For some time now I've been interviewing people about their teenage experiences. I write about their accounts in a form I call "teen journey stories." The stories reveal the impact of their teen years on the rest of their lives. Every story is different. I change their names and other superficial details to protect their identities.  In this post I feature Part One of Shane's story.

When I spoke with Shane, it was from across a long conference table in a spacious office in his home overlooking Lake Travis near Austin, Texas. He’s a small, slender man with the build of a long-distance runner. He claims he has no time for exercise and jokes that his energy keeps him fit. Indeed, his body was in constant motion and he didn’t sit down once during my interview. The meeting was hard to arrange, because he’s usually away tending to his many businesses and laying the groundwork for new ones.

As I listened to him talk about his early life, it seemed clear to me that the seeds for his teen journey were planted before he reached puberty. His earliest memories are of the time when his family lived in extreme poverty. In 1948 his father was employed as a tree-topper for a Montana logging operation, and the family lived in a one-room shanty with a dirt floor and an outhouse. They hand-pumped water from a well and used an indoor fire pit for cooking and heating water. Even though Shane was only four years old, he was assigned specific chores. He said the chores were hard for him, but they forced him to think about ways to make them easier.

Shane was the oldest of three boys. The family struggled for many years, but he told me that it never occurred to him that his family was poor. It was just his life, the only life he knew. In the summer, Shane and his younger brothers helped their mother pick grapes to supplement the family income.

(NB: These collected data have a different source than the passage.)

text \<open>Exactness enters through coproducts: \<open>Fo\<close> of a disjoint union of invariant relations is the
  disjoint union of their images.\<close>

lemma lift_rel_Un_disjoint:
  assumes A: "inv_rel A" and B: "inv_rel B" and AB: "A \<inter> B = {}"
  shows "lift_rel (A \<union> B) = lift_rel A \<union> lift_rel B" and "lift_rel A \<inter> lift_rel B = {}"
proof -
  define C where "C = A \<union> B"
  have C: "inv_rel C" using A B unfolding C_def inv_rel_def by blast
  have AC: "A \<subseteq> C" and BC: "B \<subseteq> C" unfolding C_def by blast+
  let ?i1 = "rel_sub_incl A C" and ?i2 = "rel_sub_incl B C"
  have "std_code G (rel_gset C) ` A \<inter> std_code G (rel_gset C) ` B = std_code G (rel_gset C) ` (A \<inter> B)"
    using inj_on_image_Int[OF inj_on_std_code[OF grp is_gset_rel_gset[OF C], unfolded rel_gset_fst] AC BC] ..
  then have "std_code G (rel_gset C) ` A \<inter> std_code G (rel_gset C) ` B = {}" using AB by simp
  then have "is_coproduct G (rel_obj A) (rel_obj B) (rel_obj C) ?i1 ?i2"
    unfolding is_coproduct_def
    using gmap_rel_sub_incl[OF C A AC] gmap_rel_sub_incl[OF C B BC]
      inj_on_rel_sub_incl[OF C A AC] inj_on_rel_sub_incl[OF C B BC]
      rel_sub_incl_image[OF C A AC] rel_sub_incl_image[OF C B BC]
    by (simp add: rel_obj_fst C_def image_Un)
  then have cop: "is_coproduct K (Fo (rel_obj A)) (Fo (rel_obj B)) (Fo (rel_obj C))
      (Fm (rel_obj A) (rel_obj C) ?i1) (Fm (rel_obj B) (rel_obj C) ?i2)"
    by (rule preserves_coproduct[OF is_gset_rel_obj[OF A] is_gset_rel_obj[OF B] is_gset_rel_obj[OF C]])
  let ?F1 = "Fm (rel_obj A) (rel_obj C) ?i1 ` fst (Fo (rel_obj A))"
    and ?F2 = "Fm (rel_obj B) (rel_obj C) ?i2 ` fst (Fo (rel_obj B))"
  have FC: "fst (Fo (rel_obj C)) = ?F1 \<union> ?F2" and disj: "?F1 \<inter> ?F2 = {}"
    using cop unfolding is_coproduct_def by blast+
  have hA: "lift_rel A = lift_param C ` ?F1" and hB: "lift_rel B = lift_param C ` ?F2"
    unfolding lift_rel_def image_image
    using lift_param_rel_sub_incl[OF C A AC] lift_param_rel_sub_incl[OF C B BC] by (auto intro!: image_cong)
  have "lift_rel (A \<union> B) = lift_param C ` (?F1 \<union> ?F2)"
    unfolding C_def[symmetric] lift_rel_def FC ..
  then show "lift_rel (A \<union> B) = lift_rel A \<union> lift_rel B"
    unfolding hA hB by (simp add: image_Un)
  show "lift_rel A \<inter> lift_rel B = {}"
    unfolding hA hB using inj_on_image_Int[OF inj_on_lift_param[OF C], of ?F1 ?F2] FC disj by simp
qed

They were paid only a few pennies for each tray of grapes. Shane said he picked over 200 trays per day, so the pennies added up.

His mother was a major influence. She was a bright, college-educated woman who worked as an elementary school teacher in Bozeman. She later became the school principal. As a parent, she had a warm, nurturing style. Since his father was usually away working, it was his mother who played catch with him, encouraged him to get involved in athletics and take his education seriously. She attended baseball games and scout meetings and expected him to work hard and excel at everything he did. Shane said he never wanted to disappoint his mother.

By contrast, his father was demanding and wouldn’t hesitate to use the belt to keep the kids in line. He didn’t show affection easily. He had done hard things in his life, and he expected his sons to measure up. A product of the Great Depression, he quit school at the age of nine to go to work to help his family. At the age of 14 he lied about his age to enlist in the Army, and he saw combat in both the Pacific and European theaters, including Normandy and the Battle of the Bulge. After the war, he married Shane’s mother, whose German parents had settled on a cattle ranch not far from Bozeman, Montana. When Shane’s family moved to Bozeman, his parents opted to live in town because they didn’t want to work the ranch. Instead, his dad got a job as a welder for the Union Pacific Railroad.

His father wasn’t a typical welder. He was fascinated by the science of it, and he taught himself so much about metallurgy and mechanics that he later opened his own shop. As he learned more about equipment maintenance, he expanded the business to include repairing commercial vehicles and heavy equipment. He created a niche by offering proactive service. His customers paid more to ensure that vehicles didn’t break down while in use. His reputation spread around the state, and eventually he had a fleet of especially equipped maintenance vans that performed maintenance on site.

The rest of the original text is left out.